**Task details**
From the first line to the last, return the data exactly as it stands.

━━━━━━

lemma norm_one_plus_exp_squared:
  "norm (1 + exp w)^2 = 4 * exp (Re w) * (cosh (Re w / 2)^2 - sin (Im w / 2)^2)"
proof -
  define a b where "a = Re w" and "b = Im w"
  have "norm (1 + exp w)^2 = (1 + exp a * cos b)^2 + (exp a * sin b)^2"
    unfolding a_def b_def by (simp add: cmod_power2 Re_exp Im_exp)
  also have "\<dots> = 1 + 2 * exp a * cos b + exp a^2"
  proof -
    have "(exp a * cos b)^2 + (exp a * sin b)^2 = exp a^2"
      by (simp add: power_mult_distrib flip: distrib_left)
    then show ?thesis by (simp add: power2_eq_square algebra_simps)
  qed
  also have "\<dots> = 4 * exp a * ((exp (a/2) + exp (- (a/2)))^2 / 4 - sin (b/2)^2)"
  proof -
    define E where "E = exp (a/2)"
    have E: "0 < E" "exp a = E^2" "exp (- (a/2)) = 1 / E"
      unfolding E_def by (simp_all add: exp_double[symmetric] exp_minus inverse_eq_divide)
    have cos: "cos b = 1 - 2 * sin (b/2)^2" using cos_double_sin[of "b/2"] by simp
    show ?thesis unfolding E(2,3) E_def[symmetric] cos using E(1)
      by (simp add: power2_eq_square field_simps)
  qed
  finally show ?thesis unfolding a_def b_def cosh_field_def by (simp add: power_divide)
qed

lemma one_plus_exp_squared: "(1 + exp a)^2 = 4 * exp a * cosh (a / 2)^2" for a :: real
proof -
  have "exp a = exp (a/2) * exp (a/2)" by (simp flip: exp_add)
  then show ?thesis unfolding cosh_field_def by (simp add: exp_minus power2_eq_square field_simps)
qed

lemma norm_one_plus_exp_ge:
  assumes "sin (Im w / 2)^2 \<le> s^2 * cosh (Re w / 2)^2" and "c^2 + s^2 = 1"
  shows "\<bar>c\<bar> * (1 + exp (Re w)) \<le> norm (1 + exp w)"
proof (rule power2_le_imp_le)
  have "(\<bar>c\<bar> * (1 + exp (Re w)))^2 = (1 - s^2) * (4 * exp (Re w) * cosh (Re w / 2)^2)"
    using assms(2) by (simp add: power_mult_distrib one_plus_exp_squared)
  also have "\<dots> = 4 * exp (Re w) * (cosh (Re w / 2)^2 - s^2 * cosh (Re w / 2)^2)"
    by (simp add: algebra_simps)
  also have "\<dots> \<le> norm (1 + exp w)^2"
    using assms(1) by (simp add: norm_one_plus_exp_squared)
  finally show "(\<bar>c\<bar> * (1 + exp (Re w)))^2 \<le> norm (1 + exp w)^2" .
qed simp

lemma norm_one_plus_exp_le_2:
  assumes "Re w \<le> 0"
  shows "norm (1 + exp w) \<le> 2"
proof -
  have "exp (Re w) \<le> 1" using assms by simp
  then show ?thesis using norm_triangle_ineq[of 1 "exp w"] unfolding norm_exp_eq_Re norm_one by linarith
qed

lemma one_plus_exp_mult_one_plus_exp:
  fixes W :: complex
  shows "(1 + exp (- (2 * W))) * (1 + exp (2 * W)) = 4 * cosh W ^ 2"
proof -
  have exp: "exp (2 * W) = exp W ^ 2" "exp (- (2 * W)) = inverse (exp W) ^ 2"
    "exp (- W) = inverse (exp W)"
    by (simp_all add: exp_minus power_inverse flip: exp_double)
  show ?thesis unfolding cosh_field_def exp by (simp add: power2_eq_square field_simps)
qed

━━━━━━

**Response box**
lemma norm_one_plus_exp_squared:
  "norm (1 + exp w)^2 = 4 * exp (Re w) * (cosh (Re w / 2)^2 - sin (Im w / 2)^2)"
proof -
  define a b where "a = Re w" and "b = Im w"
  have "norm (1 + exp w)^2 = (1 + exp a * cos b)^2 + (exp a * sin b)^2"
    unfolding a_def b_def by (simp add: cmod_power2 Re_exp Im_exp)
  also have "\<dots> = 1 + 2 * exp a * cos b + exp a^2"
  proof -
    have "(exp a * cos b)^2 + (exp a * sin b)^2 = exp a^2"
      by (simp add: power_mult_distrib flip: distrib_left)
    then show ?thesis by (simp add: power2_eq_square algebra_simps)
  qed
  also have "\<dots> = 4 * exp a * ((exp (a/2) + exp (- (a/2)))^2 / 4 - sin (b/2)^2)"
  proof -
    define E where "E = exp (a/2)"
    have E: "0 < E" "exp a = E^2" "exp (- (a/2)) = 1 / E"
      unfolding E_def by (simp_all add: exp_double[symmetric] exp_minus inverse_eq_divide)
    have cos: "cos b = 1 - 2 * sin (b/2)^2" using cos_double_sin[of "b/2"] by simp
    show ?thesis unfolding E(2,3) E_def[symmetric] cos using E(1)
      by (simp add: power2_eq_square field_simps)
  qed
  finally show ?thesis unfolding a_def b_def cosh_field_def by (simp add: power_divide)
qed

lemma one_plus_exp_squared: "(1 + exp a)^2 = 4 * exp a * cosh (a / 2)^2" for a :: real
proof -
  have "exp a = exp (a/2) * exp (a/2)" by (simp flip: exp_add)
  then show ?thesis unfolding cosh_field_def by (simp add: exp_minus power2_eq_square field_simps)
qed

lemma norm_one_plus_exp_ge:
  assumes "sin (Im w / 2)^2 \<le> s^2 * cosh (Re w / 2)^2" and "c^2 + s^2 = 1"
  shows "\<bar>c\<bar> * (1 + exp (Re w)) \<le> norm (1 + exp w)"
proof (rule power2_le_imp_le)
  have "(\<bar>c\<bar> * (1 + exp (Re w)))^2 = (1 - s^2) * (4 * exp (Re w) * cosh (Re w / 2)^2)"
    using assms(2) by (simp add: power_mult_distrib one_plus_exp_squared)
  also have "\<dots> = 4 * exp (Re w) * (cosh (Re w / 2)^2 - s^2 * cosh (Re w / 2)^2)"
    by (simp add: algebra_simps)
  also have "\<dots> \<le> norm (1 + exp w)^2"
    using assms(1) by (simp add: norm_one_plus_exp_squared)
  finally show "(\<bar>c\<bar> * (1 + exp (Re w)))^2 \<le> norm (1 + exp w)^2" .
qed simp

lemma norm_one_plus_exp_le_2:
  assumes "Re w \<le> 0"
  shows "norm (1 + exp w) \<le> 2"
proof -
  have "exp (Re w) \<le> 1" using assms by simp
  then show ?thesis using norm_triangle_ineq[of 1 "exp w"] unfolding norm_exp_eq_Re norm_one by linarith
qed

lemma one_plus_exp_mult_one_plus_exp:
  fixes W :: complex
  shows "(1 + exp (- (2 * W))) * (1 + exp (2 * W)) = 4 * cosh W ^ 2"
proof -
  have exp: "exp (2 * W) = exp W ^ 2" "exp (- (2 * W)) = inverse (exp W) ^ 2"
    "exp (- W) = inverse (exp W)"
    by (simp_all add: exp_minus power_inverse flip: exp_double)
  show ?thesis unfolding cosh_field_def exp by (simp add: power2_eq_square field_simps)
qed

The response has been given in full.